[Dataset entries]

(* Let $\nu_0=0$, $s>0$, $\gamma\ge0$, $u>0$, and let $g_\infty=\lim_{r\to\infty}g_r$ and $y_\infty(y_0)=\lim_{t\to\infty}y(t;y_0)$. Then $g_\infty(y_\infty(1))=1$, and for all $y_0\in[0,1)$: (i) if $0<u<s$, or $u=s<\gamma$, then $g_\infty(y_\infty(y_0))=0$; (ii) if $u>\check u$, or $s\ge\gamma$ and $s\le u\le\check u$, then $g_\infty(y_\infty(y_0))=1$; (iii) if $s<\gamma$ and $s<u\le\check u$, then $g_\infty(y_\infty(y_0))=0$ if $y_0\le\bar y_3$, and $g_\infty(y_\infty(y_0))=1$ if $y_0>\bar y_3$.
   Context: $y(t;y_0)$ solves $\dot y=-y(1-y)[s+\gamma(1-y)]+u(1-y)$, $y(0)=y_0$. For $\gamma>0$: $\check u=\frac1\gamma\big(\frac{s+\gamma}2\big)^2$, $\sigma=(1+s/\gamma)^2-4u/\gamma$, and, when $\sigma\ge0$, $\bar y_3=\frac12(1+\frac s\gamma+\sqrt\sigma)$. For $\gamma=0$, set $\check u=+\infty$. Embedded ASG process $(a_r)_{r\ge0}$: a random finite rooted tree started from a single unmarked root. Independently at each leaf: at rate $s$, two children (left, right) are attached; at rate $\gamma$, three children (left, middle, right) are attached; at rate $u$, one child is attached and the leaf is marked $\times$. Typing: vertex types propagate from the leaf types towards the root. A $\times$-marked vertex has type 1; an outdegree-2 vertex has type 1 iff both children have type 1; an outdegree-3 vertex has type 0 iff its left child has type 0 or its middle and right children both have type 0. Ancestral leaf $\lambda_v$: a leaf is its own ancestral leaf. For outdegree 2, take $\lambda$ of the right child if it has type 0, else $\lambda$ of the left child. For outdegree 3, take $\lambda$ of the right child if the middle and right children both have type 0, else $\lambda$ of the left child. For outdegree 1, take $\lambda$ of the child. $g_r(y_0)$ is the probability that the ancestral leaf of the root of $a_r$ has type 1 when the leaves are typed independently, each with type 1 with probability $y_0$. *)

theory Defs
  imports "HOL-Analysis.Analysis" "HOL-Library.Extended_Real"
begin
---
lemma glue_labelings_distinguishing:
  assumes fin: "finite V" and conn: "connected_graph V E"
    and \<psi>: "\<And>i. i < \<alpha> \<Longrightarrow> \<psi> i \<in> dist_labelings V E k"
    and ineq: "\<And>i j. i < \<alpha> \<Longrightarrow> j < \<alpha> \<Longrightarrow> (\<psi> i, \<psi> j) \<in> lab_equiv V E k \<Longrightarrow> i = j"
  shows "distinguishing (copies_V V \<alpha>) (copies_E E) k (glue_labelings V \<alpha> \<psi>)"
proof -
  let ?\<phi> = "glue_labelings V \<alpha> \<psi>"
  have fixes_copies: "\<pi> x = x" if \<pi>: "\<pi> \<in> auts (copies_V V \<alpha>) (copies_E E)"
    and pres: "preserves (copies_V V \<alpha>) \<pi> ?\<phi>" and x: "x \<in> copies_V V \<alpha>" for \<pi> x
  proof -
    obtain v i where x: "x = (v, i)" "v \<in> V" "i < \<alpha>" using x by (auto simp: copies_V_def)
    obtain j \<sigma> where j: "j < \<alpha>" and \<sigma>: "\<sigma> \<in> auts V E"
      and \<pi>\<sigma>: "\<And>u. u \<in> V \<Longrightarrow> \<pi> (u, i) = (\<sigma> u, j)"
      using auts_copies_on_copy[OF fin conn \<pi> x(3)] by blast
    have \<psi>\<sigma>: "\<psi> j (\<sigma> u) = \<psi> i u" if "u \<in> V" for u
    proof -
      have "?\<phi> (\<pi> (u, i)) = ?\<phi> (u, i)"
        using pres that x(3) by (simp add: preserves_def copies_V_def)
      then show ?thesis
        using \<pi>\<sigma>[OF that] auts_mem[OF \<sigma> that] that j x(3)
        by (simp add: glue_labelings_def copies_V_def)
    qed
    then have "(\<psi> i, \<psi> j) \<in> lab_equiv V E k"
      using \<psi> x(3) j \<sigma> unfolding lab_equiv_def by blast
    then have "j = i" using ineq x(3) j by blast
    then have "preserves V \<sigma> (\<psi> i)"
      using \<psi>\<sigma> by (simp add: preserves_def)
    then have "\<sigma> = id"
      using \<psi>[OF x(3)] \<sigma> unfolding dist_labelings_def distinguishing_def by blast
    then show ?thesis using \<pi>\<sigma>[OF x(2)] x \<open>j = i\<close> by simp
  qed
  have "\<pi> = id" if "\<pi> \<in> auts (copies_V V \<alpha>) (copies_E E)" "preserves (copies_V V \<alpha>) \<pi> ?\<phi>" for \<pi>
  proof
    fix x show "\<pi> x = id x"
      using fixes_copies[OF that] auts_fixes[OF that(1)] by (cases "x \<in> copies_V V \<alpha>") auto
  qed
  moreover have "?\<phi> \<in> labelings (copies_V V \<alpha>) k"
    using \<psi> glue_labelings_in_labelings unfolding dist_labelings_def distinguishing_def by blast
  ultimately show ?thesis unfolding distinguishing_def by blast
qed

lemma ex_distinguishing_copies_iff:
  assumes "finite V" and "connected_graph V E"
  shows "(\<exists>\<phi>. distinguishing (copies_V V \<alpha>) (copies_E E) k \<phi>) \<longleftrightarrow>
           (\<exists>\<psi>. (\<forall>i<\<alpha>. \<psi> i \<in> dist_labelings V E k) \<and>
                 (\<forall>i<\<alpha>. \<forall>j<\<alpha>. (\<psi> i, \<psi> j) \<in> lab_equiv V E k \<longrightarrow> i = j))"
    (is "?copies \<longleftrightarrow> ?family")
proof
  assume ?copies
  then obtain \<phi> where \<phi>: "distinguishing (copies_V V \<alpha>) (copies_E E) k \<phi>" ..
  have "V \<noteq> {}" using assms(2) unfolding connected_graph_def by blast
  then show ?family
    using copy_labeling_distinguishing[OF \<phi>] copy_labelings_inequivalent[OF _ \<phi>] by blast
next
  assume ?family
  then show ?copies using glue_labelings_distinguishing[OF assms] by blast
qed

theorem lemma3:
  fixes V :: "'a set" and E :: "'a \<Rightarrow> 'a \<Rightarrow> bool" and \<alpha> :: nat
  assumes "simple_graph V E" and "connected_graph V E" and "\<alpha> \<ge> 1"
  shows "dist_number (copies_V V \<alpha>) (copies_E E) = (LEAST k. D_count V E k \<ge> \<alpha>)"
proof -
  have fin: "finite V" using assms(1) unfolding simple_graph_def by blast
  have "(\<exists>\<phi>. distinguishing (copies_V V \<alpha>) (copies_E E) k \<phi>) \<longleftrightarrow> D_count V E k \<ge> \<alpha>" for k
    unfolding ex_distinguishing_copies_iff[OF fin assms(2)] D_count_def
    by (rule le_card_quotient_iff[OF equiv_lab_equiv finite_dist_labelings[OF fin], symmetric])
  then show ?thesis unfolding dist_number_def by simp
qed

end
* * *
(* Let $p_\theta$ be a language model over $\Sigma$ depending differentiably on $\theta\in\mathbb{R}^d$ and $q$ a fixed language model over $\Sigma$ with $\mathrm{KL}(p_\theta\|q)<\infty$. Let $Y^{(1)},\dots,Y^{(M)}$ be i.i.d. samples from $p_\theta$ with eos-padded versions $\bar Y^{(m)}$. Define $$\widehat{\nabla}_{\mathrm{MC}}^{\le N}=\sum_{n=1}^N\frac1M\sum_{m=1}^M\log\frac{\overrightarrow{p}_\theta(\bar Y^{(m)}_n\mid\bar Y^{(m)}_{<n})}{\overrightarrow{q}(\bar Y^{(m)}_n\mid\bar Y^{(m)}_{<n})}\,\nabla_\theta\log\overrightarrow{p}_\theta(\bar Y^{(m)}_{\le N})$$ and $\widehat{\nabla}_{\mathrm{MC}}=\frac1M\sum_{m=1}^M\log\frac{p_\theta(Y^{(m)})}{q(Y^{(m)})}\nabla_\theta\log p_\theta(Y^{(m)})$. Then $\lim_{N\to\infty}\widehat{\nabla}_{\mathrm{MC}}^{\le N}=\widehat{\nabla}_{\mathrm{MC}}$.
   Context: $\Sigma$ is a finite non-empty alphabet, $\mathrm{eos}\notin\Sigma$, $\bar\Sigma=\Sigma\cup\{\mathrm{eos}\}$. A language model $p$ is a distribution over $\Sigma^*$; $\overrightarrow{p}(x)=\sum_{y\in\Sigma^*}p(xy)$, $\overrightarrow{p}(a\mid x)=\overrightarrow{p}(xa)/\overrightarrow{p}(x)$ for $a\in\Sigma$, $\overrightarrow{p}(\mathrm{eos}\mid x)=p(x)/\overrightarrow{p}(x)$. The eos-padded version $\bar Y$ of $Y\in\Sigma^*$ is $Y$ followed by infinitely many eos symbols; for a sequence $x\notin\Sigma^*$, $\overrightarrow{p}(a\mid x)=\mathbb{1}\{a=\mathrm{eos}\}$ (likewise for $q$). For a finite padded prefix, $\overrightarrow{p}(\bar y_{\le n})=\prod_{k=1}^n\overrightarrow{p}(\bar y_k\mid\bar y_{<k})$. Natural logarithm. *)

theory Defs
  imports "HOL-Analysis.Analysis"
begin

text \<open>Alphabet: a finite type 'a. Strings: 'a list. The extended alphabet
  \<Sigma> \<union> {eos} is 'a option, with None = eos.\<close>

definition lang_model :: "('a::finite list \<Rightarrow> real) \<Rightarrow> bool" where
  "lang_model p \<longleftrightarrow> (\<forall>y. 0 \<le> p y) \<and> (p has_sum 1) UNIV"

What the task requires: Tally the lines above that include "exists", and reply with only the tally.

Solution to this task: 3